Bashir Bangroo was my friend and neighbour. I went to his home to find out what has happened as there was no confirmed news. While Bashir was home, his son Bilal was missing. I asked him to come to SMHS (hospital) with me as we heard, in the form of a rumour, that many people have been killed on Fateh Kadal Bridge. He said, ‘I can’t go, I am scared of defying the curfew’. Those days curfew used to be imposed from 9 am onwards. So instead of him, I went to the hospital alone. I asked one of the doctors if there is any dead body. The doctor showed me towards a room and I identified the body. It was Bilal: Bashir’s 17 or 18 year old son. I wrote the address of my ‘mohalla’---Shamaswari, Khanqah and gave it to the ambulance to send Bilal’s body home. After that, I went back to the doctor again to ask him if there were more dead bodies from today. The doctor took me to the morgue which had eleven dead bodies[i].
[Silence for a few seconds]
All the dead bodies were covered with a white sheet…but my son was taller. The sheet couldn’t cover his body entirely.
[Loud sobs interlaced his words and echoed in the room]
I only saw his shoes, only this part of his body [touches his own feet] and identified him. I did not cry.
‘Main roya nahi’ (I did not cry)
‘Main roya nahi’ (I did not cry)
He had got a bullet over his right eye. Here (points to his right eye and touches it) but I did not cry. I told the doctor to send this boy home. The doctor asked me, ‘do you know him?’ I told him ‘yeh mera bacha hai, Farooq’ (he is my son, Farooq) and after saying his name I fell down in the morgue.
The doctor rushed to give me an injection. I could hear everything so I gestured to them ‘don’t’. Later I told them…
‘I am observing a fast, he was also fasting.
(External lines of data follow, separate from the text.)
(* Let $A$ be an MV-algebra, $d$ a $(\odot,\vee)$-derivation on $A$ and $a\in A$. If $d(a)\in\mathbf{B}(A)$, then $d(d(a))=d(a)$.
   Context: An MV-algebra is an algebra $(A,\oplus,{}^*,0)$ of type $(2,1,0)$ satisfying: $x\oplus(y\oplus z)=(x\oplus y)\oplus z$, $x\oplus y=y\oplus x$, $x\oplus 0=x$, $x^{**}=x$, $x\oplus 0^*=0^*$, $(x^*\oplus y)^*\oplus y=(y^*\oplus x)^*\oplus x$. Put $1=0^*$ and $x\odot y=(x^*\oplus y^* )^*$. The natural order is $x\le y$ iff $x^*\oplus y=1$, with lattice operations $x\vee y=(x\odot y^* )\oplus y$, $x\wedge y=x\odot(x^*\oplus y)$. The Boolean center is $\mathbf{B}(A)=\{x\in A: x\oplus x=x\}$. A $(\odot,\vee)$-derivation on $A$ is a map $d:A\to A$ with $d(x\odot y)=(d(x)\odot y)\vee(x\odot d(y))$ for all $x,y\in A$. *)

theory Defs
  imports Main
begin

text \<open>MV-algebra (A, oplus, star, 0), with A the whole type 'a.\<close>
locale mv_algebra =
  fixes oplus :: "'a \<Rightarrow> 'a \<Rightarrow> 'a" (infixl "\<oplus>" 65)
    and neg :: "'a \<Rightarrow> 'a"
    and zero :: "'a"
  assumes assoc: "x \<oplus> (y \<oplus> z) = (x \<oplus> y) \<oplus> z"
    and comm: "x \<oplus> y = y \<oplus> x"
    and zero_right: "x \<oplus> zero = x"
    and neg_neg: "neg (neg x) = x"
    and absorb: "x \<oplus> neg zero = neg zero"
    and luk: "neg (neg x \<oplus> y) \<oplus> y = neg (neg y \<oplus> x) \<oplus> x"
begin

definition one :: 'a where "one = neg zero"
definition odot :: "'a \<Rightarrow> 'a \<Rightarrow> 'a" (infixl "\<odot>" 70)
  where "x \<odot> y = neg (neg x \<oplus> neg y)"
definition le :: "'a \<Rightarrow> 'a \<Rightarrow> bool" where "le x y \<longleftrightarrow> neg x \<oplus> y = one"
definition join :: "'a \<Rightarrow> 'a \<Rightarrow> 'a" where "join x y = (x \<odot> neg y) \<oplus> y"
definition meet :: "'a \<Rightarrow> 'a \<Rightarrow> 'a" where "meet x y = x \<odot> (neg x \<oplus> y)"
definition boolean_center :: "'a set" where "boolean_center = {x. x \<oplus> x = x}"
definition odot_join_derivation :: "('a \<Rightarrow> 'a) \<Rightarrow> bool" where
  "odot_join_derivation d \<longleftrightarrow> (\<forall>x y. d (x \<odot> y) = join (d x \<odot> y) (x \<odot> d y))"

end

end

theory Submission
  imports Defs
begin

text \<open>A \<open>(\<odot>,\<or>)\<close>-derivation satisfies \<open>d 0 = 0\<close>, hence \<open>d x \<odot> x\<^sup>* = d (x \<odot> x\<^sup>*) = 0\<close>,
  i.e. \<open>d x \<le> x\<close>. If \<open>b = d a\<close> is Boolean, then \<open>b \<le> a\<close> gives \<open>a \<odot> b = b\<close> and \<open>b \<odot> b = b\<close>, so
  \<open>d b = d (a \<odot> b) = b \<or> (a \<odot> d b) \<ge> b\<close>; together with \<open>d b \<le> b\<close> this yields \<open>d b = b\<close>.\<close>

context mv_algebra
begin

sublocale oplus: abel_semigroup oplus
  by unfold_locales (rule assoc[symmetric], rule comm)

lemma zero_left: "zero \<oplus> x = x"
  using comm zero_right by metis

lemma one_right: "x \<oplus> one = one"
  unfolding one_def by (rule absorb)

lemma one_left: "one \<oplus> x = one"
  using comm one_right by metis

lemma neg_one: "neg one = zero"
  unfolding one_def by (rule neg_neg)

lemma neg_oplus_self: "neg x \<oplus> x = one"
  using luk[of x one] by (simp add: one_right neg_one zero_left)

lemma odot_zero: "x \<odot> zero = zero"
  unfolding odot_def by (metis neg_one one_def one_right)

lemma zero_odot: "zero \<odot> x = zero"
  unfolding odot_def by (metis comm neg_one one_def one_right)

lemma odot_neg_self: "x \<odot> neg x = zero"
  unfolding odot_def by (metis comm neg_neg neg_oplus_self neg_one)

lemma join_zero: "join zero zero = zero"
  unfolding join_def by (simp add: zero_odot zero_right)

lemma join_comm: "join x y = join y x"
  unfolding join_def odot_def using luk by (simp add: neg_neg)

lemma neg_eq_zero_iff: "neg x = zero \<longleftrightarrow> x = one"
  by (metis neg_neg neg_one)

lemma neg_eq_one_iff: "neg x = one \<longleftrightarrow> x = zero"
  by (metis neg_neg neg_one)

lemma le_iff_odot_neg: "le x y \<longleftrightarrow> x \<odot> neg y = zero"
  unfolding le_def odot_def by (simp add: neg_neg neg_eq_zero_iff)

lemma le_antisym:
  assumes "le x y" and "le y x"
  shows "x = y"
  using assms luk[of x y] unfolding le_def by (simp add: neg_one zero_left)

lemma le_zero_iff: "le x zero \<longleftrightarrow> x = zero"
  unfolding le_def by (simp add: zero_right neg_eq_one_iff)

lemma le_join_left: "le x (join x y)"
proof -
  have "neg x \<oplus> join x y = (neg x \<oplus> x) \<oplus> (y \<odot> neg x)"
    by (subst join_comm) (simp add: join_def ac_simps)
  then show ?thesis
    unfolding le_def by (simp add: neg_oplus_self one_left)
qed

lemma odot_le_right: "le (x \<odot> y) y"
  unfolding le_def odot_def
  by (simp add: neg_neg assoc[symmetric] neg_oplus_self one_right)

lemma boolean_center_odot_self:
  assumes "b \<in> boolean_center"
  shows "b \<odot> b = b"
proof (rule le_antisym)
  show "le (b \<odot> b) b" by (rule odot_le_right)
  have "join b (neg b) = one"
    using assms join_comm[of b "neg b"]
    unfolding join_def odot_def boolean_center_def by (simp add: neg_neg neg_oplus_self)
  then show "le b (b \<odot> b)"
    unfolding le_def join_def by (simp add: neg_neg comm)
qed

lemma boolean_center_neg:
  assumes "b \<in> boolean_center"
  shows "neg b \<in> boolean_center"
  using arg_cong[OF boolean_center_odot_self[OF assms], of neg]
  unfolding boolean_center_def odot_def by (simp add: neg_neg)

lemma boolean_center_odot_eq:
  assumes b: "b \<in> boolean_center" and "le b a"
  shows "a \<odot> b = b"
proof (rule le_antisym)
  show "le (a \<odot> b) b" by (rule odot_le_right)
  let ?t = "join a (neg b)"
  have t: "?t = neg b \<oplus> (a \<odot> b)"
    unfolding join_def by (simp add: neg_neg comm)
  have "neg b \<oplus> ?t = ?t"
    using boolean_center_neg[OF b] unfolding t assoc boolean_center_def by simp
  moreover have "neg b \<oplus> join (neg b) a = (neg b \<oplus> a) \<oplus> (neg b \<odot> neg a)"
    by (simp add: join_def ac_simps)
  then have "neg b \<oplus> ?t = one"
    using \<open>le b a\<close> join_comm[of a] unfolding le_def by (simp add: one_left)
  ultimately show "le b (a \<odot> b)"
    unfolding le_def t by simp
qed

context
  fixes d :: "'a \<Rightarrow> 'a"
  assumes derivation: "odot_join_derivation d"
begin

lemma derivation_odot: "d (x \<odot> y) = join (d x \<odot> y) (x \<odot> d y)"
  using derivation unfolding odot_join_derivation_def by blast

lemma derivation_zero: "d zero = zero"
  using derivation_odot[of zero zero] by (simp add: odot_zero zero_odot join_zero)

lemma derivation_le: "le (d x) x"
proof -
  have "join (d x \<odot> neg x) (x \<odot> d (neg x)) = zero"
    using derivation_odot[of x "neg x"] by (simp add: odot_neg_self derivation_zero)
  then have "d x \<odot> neg x = zero"
    using le_join_left le_zero_iff by metis
  then show ?thesis
    by (simp add: le_iff_odot_neg)
qed

lemma derivation_idem_if_boolean:
  assumes "d a \<in> boolean_center"
  shows "d (d a) = d a"
proof -
  let ?b = "d a"
  have "a \<odot> ?b = ?b"
    using boolean_center_odot_eq[OF assms derivation_le] .
  then have "d ?b = join ?b (a \<odot> d ?b)"
    using derivation_odot[of a ?b] boolean_center_odot_self[OF assms] by simp
  then have "le ?b (d ?b)"
    using le_join_left by metis
  then show ?thesis
    using le_antisym derivation_le by blast
qed

end

end

theorem proposition3p8:
  fixes oplus :: "'a \<Rightarrow> 'a \<Rightarrow> 'a" and neg :: "'a \<Rightarrow> 'a" and zero :: 'a
    and d :: "'a \<Rightarrow> 'a" and a :: 'a
  assumes "mv_algebra oplus neg zero"
    and "mv_algebra.odot_join_derivation oplus neg d"
    and "d a \<in> mv_algebra.boolean_center oplus"
  shows "d (d a) = d a"
  using mv_algebra.derivation_idem_if_boolean[OF assms] .

end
He broke his fast with a bullet, but I will open it in the evening at home’”.
The transformation of the room from toy-scooters whizzing around one moment to a mournful wailing for Farooq the next moment, was a discontinuity of time and space, of past and present, of life and death, of occupation and azaadi. It belies the rhetoric that Kashmiris have buried the violent past of 1990’s and want to live peacefully with India and its security forces who are the harbingers of death and doom. In the re-telling of Farooq Ahmed’s brutal death, his father re-scripted the frozen slide of memory from twenty-six years ago. He said, “What I just told you, these words, are etched in my heart. I am not arranging them in a sentence; I am just reading them aloud to you”. This compels me to ask: how does time alter the experience of violence? What transforms in the ‘telling’ once it passes through the fulcrum of time? Does it become a reconciled narrative of the past or does the affective world of grief stand resolutely against the passage of time?
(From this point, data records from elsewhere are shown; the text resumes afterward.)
lemma nn_integral_mechf_ge:
  assumes "depth_close n D z" "0 \<le> eps"
  shows "ennreal (exp (eps * real (t + g) / 2)) * Vol (int (t + g + n)) D
    \<le> (\<integral>\<^sup>+y. mechf eps t z y \<partial>lebesgue)"
proof -
  have "ennreal (exp (eps * real (t + g) / 2)) * Vol (int (t + g + n)) D = (\<integral>\<^sup>+y.
      ennreal (exp (eps * real (t + g) / 2)) * indicator {y. int (t + g + n) \<le> int (tukey D y)} y \<partial>lebesgue)"
    unfolding Vol_def by (intro nn_integral_cmult_indicator[symmetric] sets_tukey)
  also have "\<dots> \<le> (\<integral>\<^sup>+y. mechf eps t z y \<partial>lebesgue)"
  proof (intro nn_integral_mono)
    fix y
    have "tukey D y \<le> tukey z y + n"
      using assms(1) by (simp add: depth_close_def)
    then show "ennreal (exp (eps * real (t + g) / 2)) * indicator {y. int (t + g + n) \<le> int (tukey D y)} y
        \<le> mechf eps t z y"
      using assms(2) by (auto simp: mechf_eq indicator_def mult_left_mono)
  qed
  finally show ?thesis .
qed

lemma sets_depth_boundary[measurable]: "{y. t \<le> tukey z1 y \<and> tukey z2 y < t} \<in> sets lebesgue"
  using sets.Int[OF sets_tukey[of "\<lambda>n. t \<le> n" z1] sets_tukey[of "\<lambda>n. n < t" z2]]
  by (simp add: Collect_conj_eq)

lemma emeasure_depth_boundary_le: "emeasure lebesgue {y. t \<le> tukey z1 y \<and> tukey z2 y < t} \<le> Vol (int t) z1"
  unfolding Vol_def by (intro emeasure_mono sets_tukey) auto

lemma mechA_measure_le_boundary:
  assumes eps: "0 \<le> eps" and z12: "depth_close 1 z1 z2" and W: "W \<in> sets lebesgue"
    and fin: "Vol (int t) z1 < \<infinity>" "Vol (int t) z2 < \<infinity>"
    and pos: "0 < (\<integral>\<^sup>+y. mechf eps t z1 y \<partial>lebesgue)" "0 < (\<integral>\<^sup>+y. mechf eps t z2 y \<partial>lebesgue)"
  shows "measure (mechA eps t z1) W \<le> exp eps * measure (mechA eps t z2) W
    + exp (eps * real t / 2) * (exp (eps / 2) * enn2real (emeasure lebesgue {y. t \<le> tukey z2 y \<and> tukey z1 y < t})
        + enn2real (emeasure lebesgue {y. t \<le> tukey z1 y \<and> tukey z2 y < t}))
      / enn2real (\<integral>\<^sup>+y. mechf eps t z1 y \<partial>lebesgue)"
proof -
  define e c where "e = exp (eps / 2)" and "c = exp (eps * real t / 2)"
  define E where "E z z' = {y. t \<le> tukey z y \<and> tukey z' y < t}" for z z' :: "'a db"
  have h_int: "(\<integral>\<^sup>+y. ennreal c * indicator (E z z') y \<partial>lebesgue) = ennreal c * emeasure lebesgue (E z z')"
    for z z'
    unfolding E_def by (simp add: nn_integral_cmult_indicator)
  have [measurable]: "E z z' \<in> sets lebesgue" for z z'
    unfolding E_def by (rule sets_depth_boundary)
  have E_fin: "emeasure lebesgue (E z1 z2) < \<infinity>" "emeasure lebesgue (E z2 z1) < \<infinity>"
    using emeasure_depth_boundary_le fin unfolding E_def by (blast intro: le_less_trans)+
  have "measure (mechA eps t z1) W \<le> e\<^sup>2 * measure (mechA eps t z2) W
      + (e * enn2real (\<integral>\<^sup>+y. ennreal c * indicator (E z2 z1) y \<partial>lebesgue)
         + enn2real (\<integral>\<^sup>+y. ennreal c * indicator (E z1 z2) y \<partial>lebesgue))
        / enn2real (\<integral>\<^sup>+y. mechf eps t z1 y \<partial>lebesgue)"
    unfolding mechA_def
  proof (rule measure_normalized_density_le)
    show "mechf eps t z1 y \<le> ennreal e * mechf eps t z2 y + ennreal c * indicator (E z1 z2) y"
      and "mechf eps t z2 y \<le> ennreal e * mechf eps t z1 y + ennreal c * indicator (E z2 z1) y" for y
      unfolding e_def c_def E_def using mechf_le_depth_close[OF _ eps] z12 depth_close_sym by blast+
  qed (use W pos nn_integral_mechf_finite[OF eps fin(1)] nn_integral_mechf_finite[OF eps fin(2)] E_fin
      in \<open>simp_all add: h_int ennreal_mult_less_top e_def\<close>)
  moreover have "e\<^sup>2 = exp eps"
    by (simp add: e_def power2_eq_square exp_add[symmetric])
  ultimately show ?thesis
    unfolding h_int enn2real_mult by (simp add: e_def c_def E_def algebra_simps)
qed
That Ramzan, 27 years ago, remains an incorrigible memory.
It, however, works in absurd puzzling ways. It remembers that every evening when Farooq returned home from his mechanic workshop, his hands would still be layered with oil and soot and mother would sit with him to wash them clean before dinner. But it does not remember if Farooq’s family had iftaar that evening after the muezzin’s call from the mosque when his body was being laid to rest in the subterranean world of azaad Kashmiris.
[i]These eleven bodies were of young boys killed by the security forces on the morning of 30th March 1990, with the exception of one body that was of a middle-aged man.